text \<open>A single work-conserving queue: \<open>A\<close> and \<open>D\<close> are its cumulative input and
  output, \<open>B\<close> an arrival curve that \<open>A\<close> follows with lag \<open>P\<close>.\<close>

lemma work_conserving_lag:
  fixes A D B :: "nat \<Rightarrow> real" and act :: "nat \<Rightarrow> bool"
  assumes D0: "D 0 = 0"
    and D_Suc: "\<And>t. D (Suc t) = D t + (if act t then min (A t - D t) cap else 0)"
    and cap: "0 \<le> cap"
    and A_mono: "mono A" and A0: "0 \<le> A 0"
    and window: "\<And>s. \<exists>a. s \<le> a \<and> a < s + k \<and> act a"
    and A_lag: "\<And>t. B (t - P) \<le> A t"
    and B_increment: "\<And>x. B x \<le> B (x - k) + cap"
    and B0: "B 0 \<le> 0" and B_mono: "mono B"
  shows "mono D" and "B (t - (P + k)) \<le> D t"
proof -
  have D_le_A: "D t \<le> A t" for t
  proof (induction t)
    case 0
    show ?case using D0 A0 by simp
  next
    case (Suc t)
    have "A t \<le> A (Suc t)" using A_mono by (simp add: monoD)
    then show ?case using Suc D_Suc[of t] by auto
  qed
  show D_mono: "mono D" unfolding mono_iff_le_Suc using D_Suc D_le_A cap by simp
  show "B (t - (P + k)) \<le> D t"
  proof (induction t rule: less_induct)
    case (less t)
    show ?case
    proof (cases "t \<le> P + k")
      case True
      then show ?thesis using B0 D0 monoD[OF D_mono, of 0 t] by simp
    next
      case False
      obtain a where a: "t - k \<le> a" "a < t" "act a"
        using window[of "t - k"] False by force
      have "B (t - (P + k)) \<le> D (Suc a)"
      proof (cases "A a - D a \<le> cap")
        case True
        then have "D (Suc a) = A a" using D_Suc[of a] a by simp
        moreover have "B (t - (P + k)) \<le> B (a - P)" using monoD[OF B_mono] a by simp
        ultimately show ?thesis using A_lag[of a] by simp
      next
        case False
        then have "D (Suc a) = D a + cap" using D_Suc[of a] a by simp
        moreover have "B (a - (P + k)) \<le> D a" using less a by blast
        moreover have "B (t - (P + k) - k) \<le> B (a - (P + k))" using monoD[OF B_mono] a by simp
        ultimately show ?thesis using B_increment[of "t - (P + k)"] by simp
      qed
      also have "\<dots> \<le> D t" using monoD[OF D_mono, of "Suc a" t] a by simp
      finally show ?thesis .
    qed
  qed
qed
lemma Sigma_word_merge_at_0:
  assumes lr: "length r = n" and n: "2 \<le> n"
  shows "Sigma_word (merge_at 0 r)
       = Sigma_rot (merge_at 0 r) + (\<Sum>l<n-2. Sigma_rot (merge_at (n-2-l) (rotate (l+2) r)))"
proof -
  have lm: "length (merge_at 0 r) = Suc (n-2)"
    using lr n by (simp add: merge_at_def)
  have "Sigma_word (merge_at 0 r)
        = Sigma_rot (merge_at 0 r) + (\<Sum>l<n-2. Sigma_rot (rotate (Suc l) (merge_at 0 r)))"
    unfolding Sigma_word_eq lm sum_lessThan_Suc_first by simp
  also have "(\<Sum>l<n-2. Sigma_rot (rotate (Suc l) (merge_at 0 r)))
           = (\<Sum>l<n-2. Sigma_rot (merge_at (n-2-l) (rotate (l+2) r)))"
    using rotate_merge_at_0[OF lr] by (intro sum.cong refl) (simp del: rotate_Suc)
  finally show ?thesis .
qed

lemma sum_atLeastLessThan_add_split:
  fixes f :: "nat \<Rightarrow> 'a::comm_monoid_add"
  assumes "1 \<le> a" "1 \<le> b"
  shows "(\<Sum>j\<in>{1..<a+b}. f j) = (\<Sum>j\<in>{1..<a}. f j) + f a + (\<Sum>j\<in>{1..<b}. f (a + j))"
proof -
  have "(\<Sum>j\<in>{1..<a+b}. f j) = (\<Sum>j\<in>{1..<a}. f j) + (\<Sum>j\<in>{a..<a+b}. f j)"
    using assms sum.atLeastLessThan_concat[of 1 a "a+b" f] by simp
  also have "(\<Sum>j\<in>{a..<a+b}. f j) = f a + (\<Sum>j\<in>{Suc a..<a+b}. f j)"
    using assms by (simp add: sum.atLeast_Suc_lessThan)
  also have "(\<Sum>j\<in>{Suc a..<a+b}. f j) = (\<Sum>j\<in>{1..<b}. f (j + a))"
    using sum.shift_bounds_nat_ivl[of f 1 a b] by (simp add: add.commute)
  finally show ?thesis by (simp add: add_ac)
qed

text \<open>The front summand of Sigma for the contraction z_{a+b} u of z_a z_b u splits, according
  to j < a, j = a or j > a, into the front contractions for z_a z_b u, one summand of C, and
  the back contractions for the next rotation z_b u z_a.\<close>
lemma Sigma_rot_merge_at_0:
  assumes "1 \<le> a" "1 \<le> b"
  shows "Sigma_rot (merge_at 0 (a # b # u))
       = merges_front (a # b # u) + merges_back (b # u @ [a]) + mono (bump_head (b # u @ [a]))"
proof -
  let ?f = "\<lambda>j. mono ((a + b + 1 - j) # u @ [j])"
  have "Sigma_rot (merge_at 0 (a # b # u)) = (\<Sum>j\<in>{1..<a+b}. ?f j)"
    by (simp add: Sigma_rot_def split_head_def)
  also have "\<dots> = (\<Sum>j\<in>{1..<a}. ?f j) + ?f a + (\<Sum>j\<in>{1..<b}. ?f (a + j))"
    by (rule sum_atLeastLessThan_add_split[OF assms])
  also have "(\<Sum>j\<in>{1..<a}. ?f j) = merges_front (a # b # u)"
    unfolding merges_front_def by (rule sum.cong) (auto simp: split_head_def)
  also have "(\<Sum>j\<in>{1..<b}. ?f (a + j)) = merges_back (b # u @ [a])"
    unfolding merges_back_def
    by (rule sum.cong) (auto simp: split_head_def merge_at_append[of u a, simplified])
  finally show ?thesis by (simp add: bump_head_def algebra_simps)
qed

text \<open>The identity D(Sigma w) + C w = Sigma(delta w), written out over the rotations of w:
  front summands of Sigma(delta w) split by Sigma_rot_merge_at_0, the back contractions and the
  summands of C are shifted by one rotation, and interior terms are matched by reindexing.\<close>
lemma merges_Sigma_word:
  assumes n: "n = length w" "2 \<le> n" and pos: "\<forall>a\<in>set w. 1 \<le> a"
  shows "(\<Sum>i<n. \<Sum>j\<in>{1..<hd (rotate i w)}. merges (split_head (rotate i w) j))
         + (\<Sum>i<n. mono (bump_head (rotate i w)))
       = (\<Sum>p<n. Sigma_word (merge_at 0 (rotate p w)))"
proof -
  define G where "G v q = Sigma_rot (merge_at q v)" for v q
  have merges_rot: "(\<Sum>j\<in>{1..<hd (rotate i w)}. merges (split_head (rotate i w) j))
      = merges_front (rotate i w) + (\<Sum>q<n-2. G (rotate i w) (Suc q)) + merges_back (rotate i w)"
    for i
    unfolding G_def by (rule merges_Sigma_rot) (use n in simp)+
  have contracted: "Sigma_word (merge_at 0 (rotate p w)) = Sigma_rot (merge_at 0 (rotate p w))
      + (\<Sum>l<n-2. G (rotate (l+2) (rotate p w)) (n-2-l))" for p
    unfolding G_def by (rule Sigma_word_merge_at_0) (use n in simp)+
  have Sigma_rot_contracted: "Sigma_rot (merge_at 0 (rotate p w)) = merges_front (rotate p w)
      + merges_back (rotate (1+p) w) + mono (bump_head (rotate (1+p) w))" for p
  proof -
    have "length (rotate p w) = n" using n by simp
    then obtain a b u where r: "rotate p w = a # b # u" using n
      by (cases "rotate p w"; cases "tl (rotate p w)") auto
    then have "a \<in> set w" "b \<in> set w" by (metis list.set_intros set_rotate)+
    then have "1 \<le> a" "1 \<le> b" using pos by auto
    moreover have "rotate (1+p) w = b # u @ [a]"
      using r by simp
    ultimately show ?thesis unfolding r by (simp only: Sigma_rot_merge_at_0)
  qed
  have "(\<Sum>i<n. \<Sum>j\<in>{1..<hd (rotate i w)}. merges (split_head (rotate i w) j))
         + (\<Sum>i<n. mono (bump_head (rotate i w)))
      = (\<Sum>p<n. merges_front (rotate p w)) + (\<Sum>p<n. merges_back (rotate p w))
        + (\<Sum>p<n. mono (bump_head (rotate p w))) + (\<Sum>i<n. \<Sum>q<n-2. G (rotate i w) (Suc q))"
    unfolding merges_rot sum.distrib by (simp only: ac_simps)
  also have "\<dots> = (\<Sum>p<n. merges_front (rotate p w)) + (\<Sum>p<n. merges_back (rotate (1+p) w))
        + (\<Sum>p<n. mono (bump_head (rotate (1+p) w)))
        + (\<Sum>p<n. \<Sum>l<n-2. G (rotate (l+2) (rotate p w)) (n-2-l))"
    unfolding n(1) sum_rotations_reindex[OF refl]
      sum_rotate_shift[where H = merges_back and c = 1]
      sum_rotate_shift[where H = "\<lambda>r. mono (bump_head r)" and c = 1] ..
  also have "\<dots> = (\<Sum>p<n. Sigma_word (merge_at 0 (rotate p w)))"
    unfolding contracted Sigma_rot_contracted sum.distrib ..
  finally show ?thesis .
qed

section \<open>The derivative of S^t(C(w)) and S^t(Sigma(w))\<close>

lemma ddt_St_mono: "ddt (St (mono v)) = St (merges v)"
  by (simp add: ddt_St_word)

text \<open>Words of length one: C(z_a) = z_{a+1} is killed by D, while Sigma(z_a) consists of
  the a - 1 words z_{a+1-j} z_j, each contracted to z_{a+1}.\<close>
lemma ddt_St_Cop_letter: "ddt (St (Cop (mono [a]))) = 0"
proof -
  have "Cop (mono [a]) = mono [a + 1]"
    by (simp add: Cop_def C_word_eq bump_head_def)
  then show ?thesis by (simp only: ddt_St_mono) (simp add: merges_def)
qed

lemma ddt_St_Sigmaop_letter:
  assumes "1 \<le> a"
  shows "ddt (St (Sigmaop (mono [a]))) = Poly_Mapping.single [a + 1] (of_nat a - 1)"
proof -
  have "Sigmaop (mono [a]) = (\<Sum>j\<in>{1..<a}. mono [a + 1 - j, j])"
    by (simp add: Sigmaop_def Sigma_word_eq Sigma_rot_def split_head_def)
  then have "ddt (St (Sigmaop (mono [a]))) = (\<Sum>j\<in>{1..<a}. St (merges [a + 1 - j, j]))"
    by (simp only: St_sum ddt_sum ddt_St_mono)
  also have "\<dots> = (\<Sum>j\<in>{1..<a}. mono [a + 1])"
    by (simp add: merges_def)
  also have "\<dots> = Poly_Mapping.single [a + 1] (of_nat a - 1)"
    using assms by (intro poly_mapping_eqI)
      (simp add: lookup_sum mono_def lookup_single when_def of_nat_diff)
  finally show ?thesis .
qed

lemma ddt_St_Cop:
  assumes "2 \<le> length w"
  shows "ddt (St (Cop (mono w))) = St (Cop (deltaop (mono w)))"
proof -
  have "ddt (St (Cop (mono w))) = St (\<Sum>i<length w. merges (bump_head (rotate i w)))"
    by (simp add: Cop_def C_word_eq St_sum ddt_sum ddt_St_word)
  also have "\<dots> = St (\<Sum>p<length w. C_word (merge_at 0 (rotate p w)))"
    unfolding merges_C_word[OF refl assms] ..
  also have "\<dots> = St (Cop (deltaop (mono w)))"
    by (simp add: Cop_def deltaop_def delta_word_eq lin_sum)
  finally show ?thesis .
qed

# Instructions for the task
Copy each line of the records that contains the word "auto".

# Task answer
    then show ?case using Suc D_Suc[of t] by auto
    unfolding merges_front_def by (rule sum.cong) (auto simp: split_head_def)
    by (rule sum.cong) (auto simp: split_head_def merge_at_append[of u a, simplified])
      by (cases "rotate p w"; cases "tl (rotate p w)") auto
    then have "1 \<le> a" "1 \<le> b" using pos by auto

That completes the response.